══ Data for analysis

lemma Eop_rho_power_mult:
  assumes "g differentiable (at u)"
  shows "Eop s (\<lambda>x. rho x ^ k * g x) u =
    rho u ^ k * Eop (s + real k) g u - of_nat k * rho u ^ (k - 1) * g u"
proof -
  have "(\<Sum>j\<in>UNIV. u$j * dz j (\<lambda>x. rho x ^ k * g x) u) =
     (\<Sum>j\<in>UNIV. rho u ^ k * (u$j * dz j g u) - (of_nat k * rho u ^ (k - 1) * g u) * (u$j * cnj (u$j)))"
    using assms by (intro sum.cong) (simp_all add: dz_mult dz_rho_power algebra_simps)
  also have "\<dots> = rho u ^ k * (\<Sum>j\<in>UNIV. u$j * dz j g u) - of_nat k * rho u ^ (k - 1) * g u * (1 - rho u)"
    by (simp add: sum_subtractf sum_distrib_left sum_coord_cnj_eq[symmetric])
  finally show ?thesis
    unfolding Eop_def using of_nat_mult_power_pred[of k "rho u"] by (auto simp: algebra_simps)
qed

lemma Ebop_rho_power_mult:
  assumes "g differentiable (at u)"
  shows "Ebop s (\<lambda>x. rho x ^ k * g x) u =
    rho u ^ k * Ebop (s + real k) g u - of_nat k * rho u ^ (k - 1) * g u"
proof -
  have "(\<Sum>j\<in>UNIV. cnj (u$j) * dzb j (\<lambda>x. rho x ^ k * g x) u) =
     (\<Sum>j\<in>UNIV. rho u ^ k * (cnj (u$j) * dzb j g u) - (of_nat k * rho u ^ (k - 1) * g u) * (u$j * cnj (u$j)))"
    using assms by (intro sum.cong) (simp_all add: dzb_mult dzb_rho_power algebra_simps)
  also have "\<dots> = rho u ^ k * (\<Sum>j\<in>UNIV. cnj (u$j) * dzb j g u) - of_nat k * rho u ^ (k - 1) * g u * (1 - rho u)"
    by (simp add: sum_subtractf sum_distrib_left sum_coord_cnj_eq[symmetric])
  finally show ?thesis
    unfolding Ebop_def using of_nat_mult_power_pred[of k "rho u"] by (auto simp: algebra_simps)
qed

lemma lap_rho_power_mult:
  fixes h :: "'n::finite cfun"
  assumes S: "open S" and h: "wirtinger_C2_on S h" and u: "u \<in> S"
  shows "lap (\<lambda>x. rho x ^ k * h x) u = rho u ^ k * lap h u
     - of_nat k * rho u ^ (k - 1) * (Eop 0 h u + Ebop 0 h u + of_nat CARD('n) * h u)
     + of_nat k * of_nat (k - 1) * rho u ^ (k - 2) * (1 - rho u) * h u"
proof -
  have step: "dz j (dzb j (\<lambda>x. rho x ^ k * h x)) u =
     rho u ^ k * dz j (dzb j h) u
     - (of_nat k * rho u ^ (k - 1)) * (cnj (u$j) * dzb j h u + u$j * dz j h u + h u)
     + (of_nat k * of_nat (k - 1) * rho u ^ (k - 2) * h u) * (u$j * cnj (u$j))" for j
  proof -
    have "dz j (dzb j (\<lambda>x. rho x ^ k * h x)) u =
       dz j (\<lambda>x. rho x ^ k * dzb j h x - of_nat k * (rho x ^ (k - 1) * (x$j * h x))) u"
      using wirtinger_C2_onD(1)[OF h]
      by (intro dz_cong_open[OF S u]) (simp add: dzb_mult dzb_rho_power algebra_simps)
    also have "\<dots> = rho u ^ k * dz j (dzb j h) u + dz j (\<lambda>x. rho x ^ k) u * dzb j h u
       - of_nat k * (rho u ^ (k - 1) * (u$j * dz j h u + dz j (\<lambda>x. x$j) u * h u)
          + dz j (\<lambda>x. rho x ^ (k - 1)) u * (u$j * h u))"
      using wirtinger_C2_onD[OF h u]
      by (simp add: dz_diff dz_cmult dz_mult)
    finally show ?thesis by (simp add: dz_rho_power dz_coord algebra_simps numeral_2_eq_2)
  qed
  have "lap (\<lambda>x. rho x ^ k * h x) u = rho u ^ k * lap h u
     - of_nat k * rho u ^ (k - 1) * (Ebop 0 h u + Eop 0 h u + of_nat CARD('n) * h u)
     + of_nat k * of_nat (k - 1) * rho u ^ (k - 2) * h u * (\<Sum>j\<in>UNIV. u$j * cnj (u$j))"
    unfolding lap_def step Eop_def Ebop_def
    by (simp add: sum.distrib sum_subtractf sum_distrib_left ring_distribs)
  then show ?thesis by (simp add: sum_coord_cnj_eq algebra_simps)
qed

════

What you need to do >>
Your task is to show every line of the listing above containing "dots".

Response area >>
  also have "\<dots> = rho u ^ k * (\<Sum>j\<in>UNIV. u$j * dz j g u) - of_nat k * rho u ^ (k - 1) * g u * (1 - rho u)"
  also have "\<dots> = rho u ^ k * (\<Sum>j\<in>UNIV. cnj (u$j) * dzb j g u) - of_nat k * rho u ^ (k - 1) * g u * (1 - rho u)"
    also have "\<dots> = rho u ^ k * dz j (dzb j h) u + dz j (\<lambda>x. rho x ^ k) u * dzb j h u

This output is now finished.